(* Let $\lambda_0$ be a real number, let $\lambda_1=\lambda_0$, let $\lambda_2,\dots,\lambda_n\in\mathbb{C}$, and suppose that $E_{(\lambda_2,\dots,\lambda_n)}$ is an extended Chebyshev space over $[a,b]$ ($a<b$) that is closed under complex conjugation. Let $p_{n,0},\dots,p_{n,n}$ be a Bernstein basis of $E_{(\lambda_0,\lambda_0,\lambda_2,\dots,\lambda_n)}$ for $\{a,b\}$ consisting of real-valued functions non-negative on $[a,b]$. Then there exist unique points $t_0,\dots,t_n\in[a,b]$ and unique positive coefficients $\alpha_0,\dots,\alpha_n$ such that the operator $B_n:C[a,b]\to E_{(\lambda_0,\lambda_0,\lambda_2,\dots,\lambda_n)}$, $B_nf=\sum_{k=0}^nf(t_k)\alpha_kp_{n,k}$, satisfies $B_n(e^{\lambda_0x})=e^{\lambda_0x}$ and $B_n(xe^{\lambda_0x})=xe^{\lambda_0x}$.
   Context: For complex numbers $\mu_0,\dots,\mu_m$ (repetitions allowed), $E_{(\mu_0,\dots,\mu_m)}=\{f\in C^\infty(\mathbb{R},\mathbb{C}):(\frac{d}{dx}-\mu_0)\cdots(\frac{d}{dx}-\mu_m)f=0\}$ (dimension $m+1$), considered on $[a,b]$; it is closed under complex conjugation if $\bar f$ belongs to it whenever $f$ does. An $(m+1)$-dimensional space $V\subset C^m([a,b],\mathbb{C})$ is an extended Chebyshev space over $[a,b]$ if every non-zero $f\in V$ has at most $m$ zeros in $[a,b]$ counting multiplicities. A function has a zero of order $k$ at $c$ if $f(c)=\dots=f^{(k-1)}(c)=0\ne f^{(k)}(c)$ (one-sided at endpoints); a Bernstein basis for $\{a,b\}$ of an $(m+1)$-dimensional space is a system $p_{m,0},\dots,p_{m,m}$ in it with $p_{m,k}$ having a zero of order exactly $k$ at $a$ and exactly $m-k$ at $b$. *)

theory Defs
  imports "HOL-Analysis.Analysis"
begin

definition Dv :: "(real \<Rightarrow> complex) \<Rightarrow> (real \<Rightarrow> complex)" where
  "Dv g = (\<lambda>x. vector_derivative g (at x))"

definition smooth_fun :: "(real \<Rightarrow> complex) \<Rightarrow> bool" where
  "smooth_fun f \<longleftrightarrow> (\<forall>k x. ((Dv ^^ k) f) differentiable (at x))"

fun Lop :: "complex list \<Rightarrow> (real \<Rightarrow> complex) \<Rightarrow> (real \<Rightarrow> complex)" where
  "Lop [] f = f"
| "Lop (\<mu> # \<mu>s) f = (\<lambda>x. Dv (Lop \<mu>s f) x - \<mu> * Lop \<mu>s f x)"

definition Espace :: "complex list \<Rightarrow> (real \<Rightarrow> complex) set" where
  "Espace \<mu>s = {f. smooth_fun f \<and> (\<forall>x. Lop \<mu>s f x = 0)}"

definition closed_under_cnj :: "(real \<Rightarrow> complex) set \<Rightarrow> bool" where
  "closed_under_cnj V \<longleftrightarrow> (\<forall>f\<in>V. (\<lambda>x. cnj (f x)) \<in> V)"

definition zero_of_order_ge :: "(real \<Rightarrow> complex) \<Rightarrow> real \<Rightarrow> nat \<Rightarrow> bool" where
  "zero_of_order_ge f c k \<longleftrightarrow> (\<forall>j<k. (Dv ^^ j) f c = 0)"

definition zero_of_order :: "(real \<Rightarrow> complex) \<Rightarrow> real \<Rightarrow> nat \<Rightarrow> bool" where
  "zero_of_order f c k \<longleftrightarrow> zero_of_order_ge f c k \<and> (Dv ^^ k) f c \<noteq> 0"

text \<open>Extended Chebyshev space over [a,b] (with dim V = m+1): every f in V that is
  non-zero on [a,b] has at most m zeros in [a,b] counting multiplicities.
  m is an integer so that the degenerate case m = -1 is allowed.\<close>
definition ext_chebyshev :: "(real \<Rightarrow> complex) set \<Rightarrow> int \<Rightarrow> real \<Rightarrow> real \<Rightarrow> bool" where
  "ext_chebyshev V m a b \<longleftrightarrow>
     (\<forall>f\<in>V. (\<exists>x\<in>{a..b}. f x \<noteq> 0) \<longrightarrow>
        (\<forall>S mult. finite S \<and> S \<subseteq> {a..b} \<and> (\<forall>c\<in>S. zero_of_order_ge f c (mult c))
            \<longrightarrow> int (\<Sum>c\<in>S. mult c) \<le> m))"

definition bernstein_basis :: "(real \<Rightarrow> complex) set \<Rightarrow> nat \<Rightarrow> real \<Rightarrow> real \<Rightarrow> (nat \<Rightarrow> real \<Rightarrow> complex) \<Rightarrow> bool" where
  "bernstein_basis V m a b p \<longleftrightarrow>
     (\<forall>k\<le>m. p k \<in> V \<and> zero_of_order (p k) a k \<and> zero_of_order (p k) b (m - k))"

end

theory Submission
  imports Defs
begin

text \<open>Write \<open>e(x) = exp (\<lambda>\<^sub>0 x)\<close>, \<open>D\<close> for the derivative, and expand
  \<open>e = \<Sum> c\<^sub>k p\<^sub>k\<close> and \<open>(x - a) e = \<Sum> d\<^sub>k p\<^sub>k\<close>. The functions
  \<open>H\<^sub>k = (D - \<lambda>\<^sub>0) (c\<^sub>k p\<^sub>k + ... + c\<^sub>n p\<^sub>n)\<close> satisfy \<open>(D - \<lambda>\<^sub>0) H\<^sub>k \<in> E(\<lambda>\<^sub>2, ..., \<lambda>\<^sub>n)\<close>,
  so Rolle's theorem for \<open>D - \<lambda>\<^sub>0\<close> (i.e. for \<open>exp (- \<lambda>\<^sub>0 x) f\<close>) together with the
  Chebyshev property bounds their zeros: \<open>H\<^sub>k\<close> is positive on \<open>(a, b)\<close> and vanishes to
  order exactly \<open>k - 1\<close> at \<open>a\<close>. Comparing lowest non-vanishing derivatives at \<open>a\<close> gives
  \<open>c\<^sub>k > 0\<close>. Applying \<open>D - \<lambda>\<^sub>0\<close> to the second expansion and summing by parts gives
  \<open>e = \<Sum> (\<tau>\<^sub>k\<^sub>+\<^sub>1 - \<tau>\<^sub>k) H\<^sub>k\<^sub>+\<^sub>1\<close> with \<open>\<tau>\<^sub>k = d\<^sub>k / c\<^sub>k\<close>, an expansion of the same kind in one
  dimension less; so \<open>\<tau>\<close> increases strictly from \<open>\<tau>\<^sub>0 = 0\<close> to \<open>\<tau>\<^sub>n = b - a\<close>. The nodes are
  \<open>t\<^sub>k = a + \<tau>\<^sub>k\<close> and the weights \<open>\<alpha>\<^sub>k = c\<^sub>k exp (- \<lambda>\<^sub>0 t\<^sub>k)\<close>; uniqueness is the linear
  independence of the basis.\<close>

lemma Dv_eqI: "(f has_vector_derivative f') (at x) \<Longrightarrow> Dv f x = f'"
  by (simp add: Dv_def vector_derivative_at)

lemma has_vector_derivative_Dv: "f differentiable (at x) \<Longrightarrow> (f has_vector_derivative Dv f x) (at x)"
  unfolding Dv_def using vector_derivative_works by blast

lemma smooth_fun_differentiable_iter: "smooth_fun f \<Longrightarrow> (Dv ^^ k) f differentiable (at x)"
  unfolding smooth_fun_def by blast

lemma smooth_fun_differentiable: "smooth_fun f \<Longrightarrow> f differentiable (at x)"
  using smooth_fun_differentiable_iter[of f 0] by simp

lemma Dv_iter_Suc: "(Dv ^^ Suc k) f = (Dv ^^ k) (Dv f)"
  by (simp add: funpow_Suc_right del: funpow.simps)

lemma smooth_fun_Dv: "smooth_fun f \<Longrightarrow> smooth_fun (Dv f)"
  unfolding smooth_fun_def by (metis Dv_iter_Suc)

--

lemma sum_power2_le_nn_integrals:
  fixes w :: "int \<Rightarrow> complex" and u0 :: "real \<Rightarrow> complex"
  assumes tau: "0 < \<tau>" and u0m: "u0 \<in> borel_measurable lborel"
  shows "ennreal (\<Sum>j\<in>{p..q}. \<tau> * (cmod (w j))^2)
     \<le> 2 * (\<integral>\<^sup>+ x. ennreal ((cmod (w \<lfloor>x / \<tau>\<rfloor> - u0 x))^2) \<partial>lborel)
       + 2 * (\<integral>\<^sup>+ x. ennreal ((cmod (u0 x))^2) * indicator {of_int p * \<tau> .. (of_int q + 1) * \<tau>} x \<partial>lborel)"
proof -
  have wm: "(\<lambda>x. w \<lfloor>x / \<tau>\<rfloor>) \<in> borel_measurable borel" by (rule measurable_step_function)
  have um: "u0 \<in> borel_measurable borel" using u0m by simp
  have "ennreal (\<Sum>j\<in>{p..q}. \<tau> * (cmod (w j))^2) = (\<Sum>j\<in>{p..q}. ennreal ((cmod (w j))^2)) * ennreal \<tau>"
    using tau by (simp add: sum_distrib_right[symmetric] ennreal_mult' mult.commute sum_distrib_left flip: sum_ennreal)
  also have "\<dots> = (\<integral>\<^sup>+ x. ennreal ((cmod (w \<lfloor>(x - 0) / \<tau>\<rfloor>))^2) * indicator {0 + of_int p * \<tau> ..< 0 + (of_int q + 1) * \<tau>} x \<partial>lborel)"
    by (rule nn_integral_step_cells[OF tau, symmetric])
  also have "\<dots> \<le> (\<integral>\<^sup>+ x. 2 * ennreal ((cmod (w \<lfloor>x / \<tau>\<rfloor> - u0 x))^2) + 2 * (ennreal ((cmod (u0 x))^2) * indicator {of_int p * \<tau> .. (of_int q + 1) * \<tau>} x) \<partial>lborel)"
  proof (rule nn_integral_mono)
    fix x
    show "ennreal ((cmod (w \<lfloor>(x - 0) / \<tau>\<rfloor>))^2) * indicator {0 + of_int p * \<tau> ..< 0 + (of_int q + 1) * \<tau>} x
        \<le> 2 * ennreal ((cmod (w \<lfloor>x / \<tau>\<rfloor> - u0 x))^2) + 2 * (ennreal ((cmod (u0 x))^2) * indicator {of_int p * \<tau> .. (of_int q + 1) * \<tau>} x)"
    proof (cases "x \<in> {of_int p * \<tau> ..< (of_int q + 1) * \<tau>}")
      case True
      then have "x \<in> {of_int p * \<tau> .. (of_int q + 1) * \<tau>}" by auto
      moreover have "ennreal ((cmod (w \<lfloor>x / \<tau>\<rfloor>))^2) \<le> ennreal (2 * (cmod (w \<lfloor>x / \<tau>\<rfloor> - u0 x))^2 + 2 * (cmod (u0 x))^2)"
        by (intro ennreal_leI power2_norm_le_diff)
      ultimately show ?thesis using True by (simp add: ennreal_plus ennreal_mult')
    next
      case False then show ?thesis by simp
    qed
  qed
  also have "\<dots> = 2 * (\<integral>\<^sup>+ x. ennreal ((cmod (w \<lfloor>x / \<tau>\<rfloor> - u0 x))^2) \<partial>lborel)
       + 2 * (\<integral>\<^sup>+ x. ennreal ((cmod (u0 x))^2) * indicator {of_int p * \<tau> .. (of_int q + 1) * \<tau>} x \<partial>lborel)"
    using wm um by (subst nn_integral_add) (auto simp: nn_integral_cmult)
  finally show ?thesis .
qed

* * *

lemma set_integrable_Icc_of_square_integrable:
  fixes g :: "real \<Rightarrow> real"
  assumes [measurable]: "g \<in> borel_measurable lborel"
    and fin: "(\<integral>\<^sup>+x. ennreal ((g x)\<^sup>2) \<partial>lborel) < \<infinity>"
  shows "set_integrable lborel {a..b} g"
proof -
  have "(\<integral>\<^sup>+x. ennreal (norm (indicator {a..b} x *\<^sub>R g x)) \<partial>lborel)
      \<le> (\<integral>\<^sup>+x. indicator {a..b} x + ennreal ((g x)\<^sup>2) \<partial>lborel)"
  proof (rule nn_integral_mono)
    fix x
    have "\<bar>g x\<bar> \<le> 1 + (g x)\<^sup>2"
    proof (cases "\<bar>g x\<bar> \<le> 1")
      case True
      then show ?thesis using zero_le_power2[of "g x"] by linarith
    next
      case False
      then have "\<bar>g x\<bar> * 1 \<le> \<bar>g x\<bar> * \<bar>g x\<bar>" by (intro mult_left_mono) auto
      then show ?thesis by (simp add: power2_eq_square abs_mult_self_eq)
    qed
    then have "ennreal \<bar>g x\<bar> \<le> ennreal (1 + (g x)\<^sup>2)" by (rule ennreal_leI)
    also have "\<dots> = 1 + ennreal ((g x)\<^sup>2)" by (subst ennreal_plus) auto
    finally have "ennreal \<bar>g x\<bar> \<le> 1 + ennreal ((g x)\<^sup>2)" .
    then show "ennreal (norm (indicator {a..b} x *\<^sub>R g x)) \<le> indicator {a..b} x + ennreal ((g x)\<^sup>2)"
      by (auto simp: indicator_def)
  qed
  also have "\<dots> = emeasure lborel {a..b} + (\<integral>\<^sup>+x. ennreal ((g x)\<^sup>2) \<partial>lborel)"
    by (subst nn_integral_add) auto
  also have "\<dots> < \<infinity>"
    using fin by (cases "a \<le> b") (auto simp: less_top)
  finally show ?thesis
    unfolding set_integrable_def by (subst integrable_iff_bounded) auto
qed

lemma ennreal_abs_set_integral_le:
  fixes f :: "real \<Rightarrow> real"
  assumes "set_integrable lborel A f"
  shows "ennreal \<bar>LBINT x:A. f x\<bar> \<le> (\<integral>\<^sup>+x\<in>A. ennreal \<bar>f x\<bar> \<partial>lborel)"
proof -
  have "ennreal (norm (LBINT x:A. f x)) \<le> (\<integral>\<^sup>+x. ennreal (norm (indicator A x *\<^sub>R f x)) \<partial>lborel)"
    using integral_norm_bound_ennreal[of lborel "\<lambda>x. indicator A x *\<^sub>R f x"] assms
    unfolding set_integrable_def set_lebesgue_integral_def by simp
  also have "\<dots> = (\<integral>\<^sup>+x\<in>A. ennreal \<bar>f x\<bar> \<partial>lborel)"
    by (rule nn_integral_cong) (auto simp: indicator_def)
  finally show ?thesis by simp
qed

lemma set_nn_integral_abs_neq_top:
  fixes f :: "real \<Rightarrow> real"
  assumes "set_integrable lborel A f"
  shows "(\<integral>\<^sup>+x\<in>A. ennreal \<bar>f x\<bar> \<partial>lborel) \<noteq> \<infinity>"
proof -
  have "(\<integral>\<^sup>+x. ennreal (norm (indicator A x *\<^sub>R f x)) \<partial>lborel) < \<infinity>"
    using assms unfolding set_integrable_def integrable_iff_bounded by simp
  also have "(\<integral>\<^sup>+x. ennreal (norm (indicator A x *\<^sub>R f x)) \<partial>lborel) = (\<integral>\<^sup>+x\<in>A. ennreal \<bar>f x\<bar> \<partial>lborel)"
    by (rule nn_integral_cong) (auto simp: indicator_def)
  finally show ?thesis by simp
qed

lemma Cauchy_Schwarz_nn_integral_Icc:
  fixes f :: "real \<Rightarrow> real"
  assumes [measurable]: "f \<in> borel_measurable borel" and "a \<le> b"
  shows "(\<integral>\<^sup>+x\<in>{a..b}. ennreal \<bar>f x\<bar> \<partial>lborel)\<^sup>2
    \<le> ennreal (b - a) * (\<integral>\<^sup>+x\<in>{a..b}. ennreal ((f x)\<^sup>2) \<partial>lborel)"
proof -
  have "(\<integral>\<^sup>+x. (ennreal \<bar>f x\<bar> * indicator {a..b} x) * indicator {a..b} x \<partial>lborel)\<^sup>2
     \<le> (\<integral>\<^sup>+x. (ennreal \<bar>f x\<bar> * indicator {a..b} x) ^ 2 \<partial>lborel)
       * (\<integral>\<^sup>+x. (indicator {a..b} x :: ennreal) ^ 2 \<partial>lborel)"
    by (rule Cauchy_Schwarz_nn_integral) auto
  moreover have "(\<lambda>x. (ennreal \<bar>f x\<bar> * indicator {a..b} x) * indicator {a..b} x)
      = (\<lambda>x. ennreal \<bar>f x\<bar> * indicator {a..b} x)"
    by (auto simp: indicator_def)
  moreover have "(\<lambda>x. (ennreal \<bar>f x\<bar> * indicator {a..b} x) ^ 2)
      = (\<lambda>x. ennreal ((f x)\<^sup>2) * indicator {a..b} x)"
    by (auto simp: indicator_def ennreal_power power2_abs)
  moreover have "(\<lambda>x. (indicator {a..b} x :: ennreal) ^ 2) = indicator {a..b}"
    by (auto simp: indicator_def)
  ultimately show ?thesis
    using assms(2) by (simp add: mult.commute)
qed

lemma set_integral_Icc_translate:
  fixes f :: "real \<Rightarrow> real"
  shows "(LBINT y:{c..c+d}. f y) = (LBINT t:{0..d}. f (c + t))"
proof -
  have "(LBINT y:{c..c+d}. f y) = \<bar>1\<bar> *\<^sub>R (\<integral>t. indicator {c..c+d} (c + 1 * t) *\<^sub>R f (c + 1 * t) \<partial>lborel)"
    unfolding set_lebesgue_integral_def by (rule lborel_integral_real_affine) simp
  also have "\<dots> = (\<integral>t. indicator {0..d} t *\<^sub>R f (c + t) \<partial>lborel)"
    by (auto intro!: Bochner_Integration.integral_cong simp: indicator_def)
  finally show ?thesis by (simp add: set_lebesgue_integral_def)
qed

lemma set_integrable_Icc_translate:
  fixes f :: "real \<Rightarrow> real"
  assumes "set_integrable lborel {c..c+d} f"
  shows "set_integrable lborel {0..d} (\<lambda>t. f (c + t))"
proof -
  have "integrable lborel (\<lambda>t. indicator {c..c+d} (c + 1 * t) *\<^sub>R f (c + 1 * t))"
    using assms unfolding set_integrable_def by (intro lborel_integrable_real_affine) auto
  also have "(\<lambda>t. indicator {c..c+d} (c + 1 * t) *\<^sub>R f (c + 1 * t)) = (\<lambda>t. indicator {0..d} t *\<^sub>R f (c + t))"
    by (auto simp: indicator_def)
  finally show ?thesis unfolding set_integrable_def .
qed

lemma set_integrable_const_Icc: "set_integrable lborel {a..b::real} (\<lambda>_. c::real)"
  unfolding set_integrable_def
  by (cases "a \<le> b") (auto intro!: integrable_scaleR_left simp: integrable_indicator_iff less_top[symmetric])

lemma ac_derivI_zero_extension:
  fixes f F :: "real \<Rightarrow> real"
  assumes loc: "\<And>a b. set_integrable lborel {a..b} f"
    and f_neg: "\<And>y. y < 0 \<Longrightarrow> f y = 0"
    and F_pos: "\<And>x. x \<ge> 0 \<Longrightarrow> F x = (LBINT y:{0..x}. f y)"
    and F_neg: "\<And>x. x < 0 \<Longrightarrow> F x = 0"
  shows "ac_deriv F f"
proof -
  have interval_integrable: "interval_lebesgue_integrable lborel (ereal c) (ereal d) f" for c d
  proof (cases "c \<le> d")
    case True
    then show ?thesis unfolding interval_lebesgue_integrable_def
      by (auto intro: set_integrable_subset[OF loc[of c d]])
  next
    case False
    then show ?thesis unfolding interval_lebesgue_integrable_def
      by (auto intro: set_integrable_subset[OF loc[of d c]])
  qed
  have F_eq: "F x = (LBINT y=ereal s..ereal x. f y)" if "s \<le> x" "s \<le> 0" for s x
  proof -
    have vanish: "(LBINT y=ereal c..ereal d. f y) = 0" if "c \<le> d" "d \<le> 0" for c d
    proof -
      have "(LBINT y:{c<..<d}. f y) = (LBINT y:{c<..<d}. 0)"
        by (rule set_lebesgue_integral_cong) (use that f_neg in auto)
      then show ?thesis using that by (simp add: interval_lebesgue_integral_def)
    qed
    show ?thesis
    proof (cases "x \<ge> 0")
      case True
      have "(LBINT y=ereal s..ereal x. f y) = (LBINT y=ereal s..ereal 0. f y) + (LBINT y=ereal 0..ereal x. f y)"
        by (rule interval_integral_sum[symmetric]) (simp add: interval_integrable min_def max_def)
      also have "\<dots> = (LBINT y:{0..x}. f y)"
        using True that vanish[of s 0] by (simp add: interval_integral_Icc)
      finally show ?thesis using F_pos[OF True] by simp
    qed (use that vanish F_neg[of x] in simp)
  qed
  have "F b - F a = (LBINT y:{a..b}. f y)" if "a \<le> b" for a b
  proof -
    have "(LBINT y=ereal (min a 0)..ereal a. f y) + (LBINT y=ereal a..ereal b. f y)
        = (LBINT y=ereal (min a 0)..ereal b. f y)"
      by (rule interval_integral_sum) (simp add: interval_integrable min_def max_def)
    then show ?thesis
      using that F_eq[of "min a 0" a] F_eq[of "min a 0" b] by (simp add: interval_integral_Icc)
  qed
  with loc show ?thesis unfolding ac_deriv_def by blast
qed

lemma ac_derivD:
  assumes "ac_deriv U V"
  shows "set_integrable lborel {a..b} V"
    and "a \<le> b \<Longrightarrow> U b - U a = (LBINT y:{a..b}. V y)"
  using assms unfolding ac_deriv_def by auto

ABOUT THIS TASK:
Search the records line by line for the word "False" and copy every line where it appears.

RESULT:
      case False then show ?thesis by simp
      case False
    case False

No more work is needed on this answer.